Never too late: Israeli cops finally name ‘time bandit’ who stole clocks
JERUSALEM (AP) — It took time, but Israeli police detectives have finally cracked one of the country’s greatest crimes — the legendary heist of a priceless clock collection from a Jerusalem museum a quarter century ago.
The 1983 theft, the costliest in Israel’s history, saw 106 timepieces worth millions of dollars disappear from the L.A. Mayer Museum for Islamic Art. Among them was a pocket watch made for French queen Marie Antoinette that museum officials value at more than $30 million.
Although the stolen clocks had no connection to Islamic culture, they were displayed in the museum because they had originally belonged to the father of the museum’s founder.
The heist baffled police for more than two decades. But detectives now blame Naaman Diller — a notorious Israeli thief who fled to Europe and died in the United States in 2004.
Investigators got their first break two years ago, when the museum informed them it paid some $40,000 to an anonymous American woman to buy back 40 of the items, including the Marie Antoinette timepiece made by famed watchmaker Abraham-Louis Breguet.
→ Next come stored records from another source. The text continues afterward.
(* Let $A$ be a unital algebra over a field $F$ with $\operatorname{char}(F)\neq2$ and $\mathcal{A}=M_n(A)$, $n\ge2$. Then $\operatorname{QJDer}(\mathcal{A})=\operatorname{Cent}(\mathcal{A})+\operatorname{Der}(\mathcal{A})$.
   Context: $x\circ y=xy+yx$. $\operatorname{QJDer}(\mathcal{A})$: linear $f:\mathcal{A}\to\mathcal{A}$ for which there is a linear $h$ with $f(x)\circ y+x\circ f(y)=h(x\circ y)$ for all $x,y$. $\operatorname{Cent}(\mathcal{A})$: linear $f$ with $f(xy)=f(x)y=xf(y)$. $\operatorname{Der}(\mathcal{A})$: linear $d$ with $d(xy)=d(x)y+xd(y)$. Sums of sets of maps are sets of pointwise sums. *)

theory Defs
  imports "HOL-Analysis.Analysis"
begin

definition unital_algebra :: "('k::field \<Rightarrow> 'a::ring_1 \<Rightarrow> 'a) \<Rightarrow> bool" where
  "unital_algebra smul \<longleftrightarrow> module smul \<and>
     (\<forall>c x y. smul c (x * y) = smul c x * y \<and> smul c (x * y) = x * smul c y)"

definition mscale :: "('k \<Rightarrow> 'a \<Rightarrow> 'a) \<Rightarrow> 'k \<Rightarrow> 'a ^'n^'n \<Rightarrow> 'a ^'n^'n" where
  "mscale smul c X = (\<chi> i j. smul c (X $ i $ j))"

definition flinear :: "('k::field \<Rightarrow> 'a::ring_1 \<Rightarrow> 'a) \<Rightarrow> ('a^'n^'n \<Rightarrow> 'a^'n^'n) \<Rightarrow> bool" where
  "flinear smul f \<longleftrightarrow> module_hom (mscale smul) (mscale smul) f"

definition jprod :: "'a::ring_1^'n^'n \<Rightarrow> 'a^'n^'n \<Rightarrow> 'a^'n^'n" where
  "jprod X Y = X ** Y + Y ** X"

definition QJDer :: "('k::field \<Rightarrow> 'a::ring_1 \<Rightarrow> 'a) \<Rightarrow> ('a^'n^'n \<Rightarrow> 'a^'n^'n) set" where
  "QJDer smul = {f. flinear smul f \<and>
     (\<exists>h. flinear smul h \<and> (\<forall>X Y. jprod (f X) Y + jprod X (f Y) = h (jprod X Y)))}"

definition Cent :: "('k::field \<Rightarrow> 'a::ring_1 \<Rightarrow> 'a) \<Rightarrow> ('a^'n^'n \<Rightarrow> 'a^'n^'n) set" where
  "Cent smul = {f. flinear smul f \<and> (\<forall>X Y. f (X ** Y) = f X ** Y \<and> f (X ** Y) = X ** f Y)}"

definition Der :: "('k::field \<Rightarrow> 'a::ring_1 \<Rightarrow> 'a) \<Rightarrow> ('a^'n^'n \<Rightarrow> 'a^'n^'n) set" where
  "Der smul = {d. flinear smul d \<and> (\<forall>X Y. d (X ** Y) = d X ** Y + X ** d Y)}"

definition map_set_sum :: "('b \<Rightarrow> 'c::plus) set \<Rightarrow> ('b \<Rightarrow> 'c) set \<Rightarrow> ('b \<Rightarrow> 'c) set" where
  "map_set_sum S T = {(\<lambda>x. f x + g x) | f g. f \<in> S \<and> g \<in> T}"

end

theory Submission
  imports Defs
begin

(* Let f be a quasi-Jordan derivation of R = M_n(A) with companion h, and z = f(1). Putting y = 1
   in the defining identity gives h(2x) = 2f(x) + x o z; comparing with x = y = e for an
   idempotent e shows that the Peirce components e z (1 - e) and (1 - e) z e vanish, so z commutes
   with all idempotents. Since n >= 2, the ring R is generated under subtraction and multiplication
   by the idempotents E_ii and E_ii + c E_ij (i ~= j), so z is central. Then D = f - z is a Jordan
   derivation, and as char F ~= 2 the classical Peirce decomposition argument shows that D satisfies
   the Leibniz rule D(e y) = D(e) y + e D(y) for these idempotents. The set of elements with this
   property is again closed under subtraction and multiplication, so D is a derivation and
   f(x) = z x + D(x). Conversely, for c in the centroid and d a derivation, c + d is quasi-Jordan with
   companion 2c + d. *)

section \<open>Jordan derivations of 2-torsion-free rings\<close>

lemma double_cancel:
  fixes a b :: "'a::ab_group_add"
  assumes two_torsion_free: "\<And>x::'a. x + x = 0 \<Longrightarrow> x = 0" and "a + a = b + b"
  shows "a = b"
proof -
  have "(a - b) + (a - b) = 0"
    using assms(2) by (simp add: algebra_simps)
  then show ?thesis
    using two_torsion_free[of "a - b"] by simp
qed

lemma idempotent_assoc:
  fixes e :: "'a::semigroup_mult"
  assumes "e * e = e"
  shows "e * (e * x) = e * x"
  using assms by (simp flip: mult.assoc)

locale jordan_derivation =
  fixes D :: "'r::ring_1 \<Rightarrow> 'r"
  assumes additive: "D (x + y) = D x + D y"
    and jordan: "D (x * y + y * x) = D x * y + x * D y + D y * x + y * D x"
    and two_torsion_free: "x + x = 0 \<Longrightarrow> x = 0"
begin

lemma zero [simp]: "D 0 = 0"
  using additive[of 0 0] by simp

lemma minus: "D (- x) = - D x"
  using additive[of x "- x"] by (simp add: eq_neg_iff_add_eq_0 add.commute)

lemma diff: "D (x - y) = D x - D y"
  using additive[of x "- y"] by (simp add: minus)

lemmas double_cancel = double_cancel[OF two_torsion_free]
(* Each substep u + c Op(u) obeys a pointwise maximum-minimum principle under its time step
   restriction: at a pixel with value x the increment is at most a fraction <= 1 of hi - x and at
   least that fraction of lo - x, where [lo, hi] bounds all values.  For linear diffusion this is
   the nonnegativity of the stencil weights; for p < 1 the difference of two minmod fluxes lies
   between 0 and the one-sided differences to the two neighbours; for the curvature terms the
   Rouy-Tourin upwind gradient only sees neighbours above the centre value (dilation) or below it
   (erosion), and the clipped curvature satisfies |curv| <= 2/h.  Mirroring creates no new values, so
   each time step maps the range [min u, max u] of the previous iterate into itself.  This gives
   the maximum-minimum principle, and the sup norm cannot grow because |min u| and |max u| are at
   most the sup norm of u. *)

definition bounded_on ::
    "(int \<times> int) set \<Rightarrow> real \<Rightarrow> real \<Rightarrow> (int \<Rightarrow> int \<Rightarrow> real) \<Rightarrow> bool" where
  "bounded_on A lo hi v \<longleftrightarrow> (\<forall>(i, j) \<in> A. v i j \<in> {lo..hi})"

definition max_min_principle ::
    "real \<Rightarrow> ((int \<Rightarrow> int \<Rightarrow> real) \<Rightarrow> int \<Rightarrow> int \<Rightarrow> real) \<Rightarrow> bool" where
  "max_min_principle c Op \<longleftrightarrow>
     (\<forall>lo hi v i j. bounded_on UNIV lo hi v \<longrightarrow> v i j + c * Op v i j \<in> {lo..hi})"

lemma bounded_onD: "bounded_on UNIV lo hi v \<Longrightarrow> lo \<le> v i j \<and> v i j \<le> hi"
  by (simp add: bounded_on_def)

lemma increment_in_range:
  fixes x K m S lo hi :: real
  assumes "x \<in> {lo..hi}" "0 \<le> K" "K * m \<le> 1" "m * (lo - x) \<le> S" "S \<le> m * (hi - x)"
  shows "x + K * S \<in> {lo..hi}"
proof -
  have "K * S \<le> (K * m) * (hi - x)"
    using mult_left_mono[OF assms(5) assms(2)] by (simp add: mult.assoc)
  also have "\<dots> \<le> hi - x"
    using assms(1,3) mult_right_mono[OF assms(3), of "hi - x"] by simp
  finally have "K * S \<le> hi - x" .
  moreover have "(K * m) * (lo - x) \<le> K * S"
    using mult_left_mono[OF assms(4) assms(2)] by (simp add: mult.assoc)
  moreover have "lo - x \<le> (K * m) * (lo - x)"
    using assms(1) mult_right_mono_neg[OF assms(3), of "lo - x"] by simp
  ultimately show ?thesis by simp
qed

lemma curvature_increment_in_range:
  fixes x c a G B m lo hi :: real
  assumes x: "x \<in> {lo..hi}" and "0 \<le> c" "0 \<le> m" "\<bar>a\<bar> \<le> B" "c * B * m \<le> 1" "0 \<le> G"
    and "0 \<le> a \<Longrightarrow> G \<le> m * (hi - x)"
    and erosion: "a < 0 \<Longrightarrow> G \<le> m * (x - lo)"
  shows "x + c * a * G \<in> {lo..hi}"
proof -
  have "c * \<bar>a\<bar> * m \<le> 1"
    using assms(2-5) by (meson mult_left_mono mult_right_mono order_trans)
  show ?thesis
  proof (cases "0 \<le> a")
    case True
    then show ?thesis
      using increment_in_range[OF x, of "c * a" m G] \<open>c * \<bar>a\<bar> * m \<le> 1\<close> assms
        mult_nonneg_nonpos[of m "lo - x"]
      by simp
  next
    case False
    have "x + (c * - a) * - G \<in> {lo..hi}"
    proof (rule increment_in_range[OF x])
      show "m * (lo - x) \<le> - G" using erosion False by (simp add: right_diff_distrib)
      have "0 \<le> m * (hi - x)" using x \<open>0 \<le> m\<close> by simp
      with \<open>0 \<le> G\<close> show "- G \<le> m * (hi - x)" by linarith
    qed (use \<open>c * \<bar>a\<bar> * m \<le> 1\<close> \<open>0 \<le> c\<close> False in \<open>auto simp: mult_nonneg_nonpos\<close>)
    then show ?thesis by simp
  qed
qed

lemma minmod_flux_difference_bounds:
  "minmod a b c - minmod d a b \<in> {min (min a (- b)) 0 .. max (max a (- b)) 0}"
  unfolding minmod_def by (auto simp: abs_if zero_le_mult_iff mult_le_0_iff)

lemma minmod_flux_difference_in_range:
  assumes "0 < H" "bounded_on UNIV lo hi v"
    and "a = (v k l - v i j) / H" "b = (v i j - v m n) / H"
  shows "minmod a b c - minmod d a b \<in> {(lo - v i j) / H .. (hi - v i j) / H}"
proof -
  have "- b = (v m n - v i j) / H" using assms(4) by (simp add: minus_divide_left)
  then have "a \<in> {(lo - v i j) / H .. (hi - v i j) / H}"
    "- b \<in> {(lo - v i j) / H .. (hi - v i j) / H}" "0 \<in> {(lo - v i j) / H .. (hi - v i j) / H}"
    using assms bounded_onD[OF assms(2), of i j] bounded_onD[OF assms(2), of k l]
      bounded_onD[OF assms(2), of m n]
    by (auto simp: divide_right_mono divide_nonneg_pos divide_nonpos_pos)
  then show ?thesis
    using minmod_flux_difference_bounds[of a b c d] by auto
qed

lemma sum_of_four_values_in_range:
  assumes "bounded_on UNIV lo hi v"
  shows "v i1 j1 + v i2 j2 + v i3 j3 + v i4 j4 \<in> {4 * lo .. 4 * hi}"
  using bounded_onD[OF assms, of i1 j1] bounded_onD[OF assms, of i2 j2]
    bounded_onD[OF assms, of i3 j3] bounded_onD[OF assms, of i4 j4] by simp

lemma five_point_increment_in_range:
  fixes x K S lo hi :: real
  assumes "x \<in> {lo..hi}" "0 \<le> K" "4 * K \<le> 1" "S \<in> {4 * lo .. 4 * hi}"
  shows "x + K * (S - 4 * x) \<in> {lo..hi}"
  using increment_in_range[OF assms(1,2), of 4 "S - 4 * x"] assms(3,4) by (simp add: mult.commute)

lemma two_flux_increment_in_range:
  fixes x K H X Y lo hi :: real
  assumes "x \<in> {lo..hi}" "0 < H" "0 \<le> K" "2 * K \<le> H"
    and "X \<in> {(lo - x) / H .. (hi - x) / H}" "Y \<in> {(lo - x) / H .. (hi - x) / H}"
  shows "x + K * (X + Y) \<in> {lo..hi}"
  using increment_in_range[OF assms(1,3), of "2 / H" "X + Y"] assms(2,4-6)
  by (simp add: field_simps)

lemma max_min_principle_Dplus:
  assumes h: "0 < h" and "0 \<le> c" and cfl: "c * 4 * \<bar>p - 1\<bar> \<le> h\<^sup>2"
  shows "max_min_principle c (Dplus p h)"
  unfolding max_min_principle_def
proof (intro allI impI)
  fix lo hi v i j
  assume v: "bounded_on UNIV lo hi v"
  let ?x = "v i j"
  have x: "?x \<in> {lo..hi}" using bounded_onD[OF v] by simp
  show "?x + c * Dplus p h v i j \<in> {lo..hi}"
  proof (cases "1 \<le> p")
    case True
    define S where "S = v (i+1) j + v (i-1) j + v i (j+1) + v i (j-1)"
    have "?x + (c * (p - 1) / h\<^sup>2) * (S - 4 * ?x) \<in> {lo..hi}"
    proof (rule five_point_increment_in_range[OF x])
      show "4 * (c * (p - 1) / h\<^sup>2) \<le> 1" using cfl True h by (simp add: field_simps)
      show "S \<in> {4 * lo .. 4 * hi}" unfolding S_def by (rule sum_of_four_values_in_range[OF v])
    qed (use True \<open>0 \<le> c\<close> in simp)
    then show ?thesis using True by (simp add: Dplus_def S_def)
  next
    case False
    define X where "X = minmod (dx h v i j) (dx h v (i-1) j) (dx h v (i-2) j)
       - minmod (dx h v (i+1) j) (dx h v i j) (dx h v (i-1) j)"
    define Y where "Y = minmod (dy h v i j) (dy h v i (j-1)) (dy h v i (j-2))
       - minmod (dy h v i (j+1)) (dy h v i j) (dy h v i (j-1))"
    have "?x + (c * (1 - p) / h) * (X + Y) \<in> {lo..hi}"
    proof (rule two_flux_increment_in_range[OF x h])
      show "X \<in> {(lo - ?x) / h .. (hi - ?x) / h}" unfolding X_def
        by (rule minmod_flux_difference_in_range[OF h v, where k = "i+1" and l = j
              and m = "i-1" and n = j]) (simp_all add: dx_def)
      show "Y \<in> {(lo - ?x) / h .. (hi - ?x) / h}" unfolding Y_def
        by (rule minmod_flux_difference_in_range[OF h v, where k = i and l = "j+1"
              and m = i and n = "j-1"]) (simp_all add: dy_def)
      have "0 \<le> c * (1 - p)" using False \<open>0 \<le> c\<close> by simp
      then show "0 \<le> c * (1 - p) / h" using h by simp
      have "2 * (c * (1 - p)) \<le> h\<^sup>2" using cfl False \<open>0 \<le> c * (1 - p)\<close> by simp
      then show "2 * (c * (1 - p) / h) \<le> h" using h by (simp add: field_simps power2_eq_square)
    qed
    then show ?thesis using False by (simp add: Dplus_def X_def Y_def field_simps)
  qed
qed

lemma max_min_principle_Dtimes:
  assumes h: "0 < h" and "0 \<le> c" and cfl: "c * 2 * \<bar>p - 1\<bar> \<le> h\<^sup>2"
  shows "max_min_principle c (Dtimes p h)"
  unfolding max_min_principle_def
proof (intro allI impI)
  fix lo hi v i j
  assume v: "bounded_on UNIV lo hi v"
  let ?x = "v i j"
  have x: "?x \<in> {lo..hi}" using bounded_onD[OF v] by simp
  show "?x + c * Dtimes p h v i j \<in> {lo..hi}"
  proof (cases "1 \<le> p")
    case True
    define S where "S = v (i+1) (j+1) + v (i-1) (j-1) + v (i+1) (j-1) + v (i-1) (j+1)"
    have "?x + (c * (p - 1) / (2 * h\<^sup>2)) * (S - 4 * ?x) \<in> {lo..hi}"
    proof (rule five_point_increment_in_range[OF x])
      show "4 * (c * (p - 1) / (2 * h\<^sup>2)) \<le> 1" using cfl True h by (simp add: field_simps)
      show "S \<in> {4 * lo .. 4 * hi}" unfolding S_def by (rule sum_of_four_values_in_range[OF v])
    qed (use True \<open>0 \<le> c\<close> in simp)
    then show ?thesis using True by (simp add: Dtimes_def S_def)
  next
    case False
    define H where "H = sqrt 2 * h"
    have H: "0 < H" using h by (simp add: H_def)
    define X where "X = minmod (dd h v i j) (dd h v (i-1) (j-1)) (dd h v (i-2) (j-2))
       - minmod (dd h v (i+1) (j+1)) (dd h v i j) (dd h v (i-1) (j-1))"
    define Y where "Y = minmod (de h v i j) (de h v (i-1) (j+1)) (de h v (i-2) (j+2))
       - minmod (de h v (i+1) (j-1)) (de h v i j) (de h v (i-1) (j+1))"
    have "?x + (c * (1 - p) / H) * (X + Y) \<in> {lo..hi}"
    proof (rule two_flux_increment_in_range[OF x H])
      show "X \<in> {(lo - ?x) / H .. (hi - ?x) / H}" unfolding X_def
        by (rule minmod_flux_difference_in_range[OF H v, where k = "i+1" and l = "j+1"
              and m = "i-1" and n = "j-1"]) (simp_all add: dd_def H_def)
      show "Y \<in> {(lo - ?x) / H .. (hi - ?x) / H}" unfolding Y_def
        by (rule minmod_flux_difference_in_range[OF H v, where k = "i+1" and l = "j-1"
              and m = "i-1" and n = "j+1"]) (simp_all add: de_def H_def)
      have "0 \<le> c * (1 - p)" using False \<open>0 \<le> c\<close> by simp
      then show "0 \<le> c * (1 - p) / H" using H by simp
      have "c * (1 - p) \<le> h\<^sup>2" using cfl False \<open>0 \<le> c * (1 - p)\<close> by simp
      moreover have "H * H = 2 * h\<^sup>2" by (simp add: H_def power2_eq_square)
      ultimately show "2 * (c * (1 - p) / H) \<le> H" using H by (simp add: field_simps)
    qed
    then show ?thesis using False by (simp add: Dtimes_def X_def Y_def H_def field_simps)
  qed
qed

lemma abs_curv_le: "0 < h \<Longrightarrow> \<bar>curv h v i j\<bar> \<le> 2 / h"
  unfolding curv_def Let_def by (auto simp: abs_if)

lemma upwind_norm_le:
  fixes u1 u2 u3 u4 B :: real
  assumes "u1 \<le> B" "u2 \<le> B" "u3 \<le> B" "u4 \<le> B" "0 \<le> B"
  shows "sqrt ((max (max u1 u2) 0)\<^sup>2 + (max (max u3 u4) 0)\<^sup>2) \<le> sqrt 2 * B"
proof -
  have "(max (max u1 u2) 0)\<^sup>2 \<le> B\<^sup>2" "(max (max u3 u4) 0)\<^sup>2 \<le> B\<^sup>2"
    using assms by (auto intro!: power_mono)
  then have "sqrt ((max (max u1 u2) 0)\<^sup>2 + (max (max u3 u4) 0)\<^sup>2) \<le> sqrt (2 * B\<^sup>2)"
    by simp
  also have "\<dots> = sqrt 2 * B" using assms(5) by (simp add: real_sqrt_mult)
  finally show ?thesis .
qed

lemma difference_quotient_bounds:
  assumes "0 < H" "bounded_on UNIV lo hi v"
  shows "(v k l - v i j) / H \<le> (hi - v i j) / H" "(v i j - v k l) / H \<le> (v i j - lo) / H"
  using assms bounded_onD[OF assms(2), of k l] by (simp_all add: divide_right_mono)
Rachel Hasson, the museum’s artistic director, calls the gold and rock crystal watch “the Mona Lisa of the clock world.” Also recovered were a Breguet creation from 1819 known as the “Sympathiques” and a clock shaped like a pistol from the same period.
Police forensics experts were allowed to examine the clocks, and detectives questioned the lawyer who negotiated the sale. The trail led to an Israeli woman in Los Angeles named Nili Shamrat, who police identified as the widow of Diller — a notorious criminal in Israel after a string of bold thefts in the 1960s and ’70s.
From there the mystery began to unravel, police say. Diller apparently confessed the crime to his wife on his deathbed. When Israeli police and American law enforcement officials arrived at her home last May to question her, they found more of the stolen clocks.
Police placed a gag order on the case, but lifted it last week after Israeli media violated the order.
Diller’s widow refused to answer questions from The Associated Press when contacted Saturday, and did not answer her phone Sunday and Monday. Her Israeli lawyer, Hila Efron-Gabai, also refused to discuss the case.
Oded Yaniv, one of the investigators who broke the case, said about 40 clocks are missing, but police are pursuing tips on where Diller scattered the goods around the world.
Yaniv called the investigation a “once in a lifetime” experience, filled with international intrigue in the murky world of art dealing and antiquity trading.
Diller was renowned in Israel for daring break-ins and an ability to keep one step ahead of the law. He meticulously researched sites for hours and used innovative techniques that earned him the admiration of the same people who were trying to stop him.
“He was a legendary robber. He was very different, very intelligent, and had a unique style,” Yaniv said. “We are all disappointed that we don’t have the chance to sit and talk to him and investigate him. We feel like we missed out on that.”
According to police, Diller used a crowbar to bend the bars on a back window of the museum the night of April 15, 1983, and behind the cover of a parked truck climbed inside with a ladder. Having staked out the museum, he knew the alarm was broken and the guard was stationed in front.
Police spokesman Shmulik Ben-Ruby said Diller was very thin and able to slither in and out of the opening unnoticed throughout the night. He said the clocks were generally small enough to easily pass through and Diller had the expertise to take others apart if needed.
The spokesman said police had thought of Diller as a possible suspect in 1983 but found nothing to link him to the robbery. In addition, police thought the heist was the work of a gang of at least three robbers. Yaniv said he and his colleagues were shocked to discover Diller acted alone.
Diller later moved to Europe, where he operated under several identities and was briefly jailed before moving to Los Angeles, where he died of cancer.
Hasson said she was ecstatic to get at least part of the collection back and plans to have the clock display open again within the two months. She said the museum purchased the watches back for a “symbolic” fee after Diller’s widow tried to sell the stolen goods elsewhere and failed.
“The clocks are so well-known that nobody would buy them,” she said.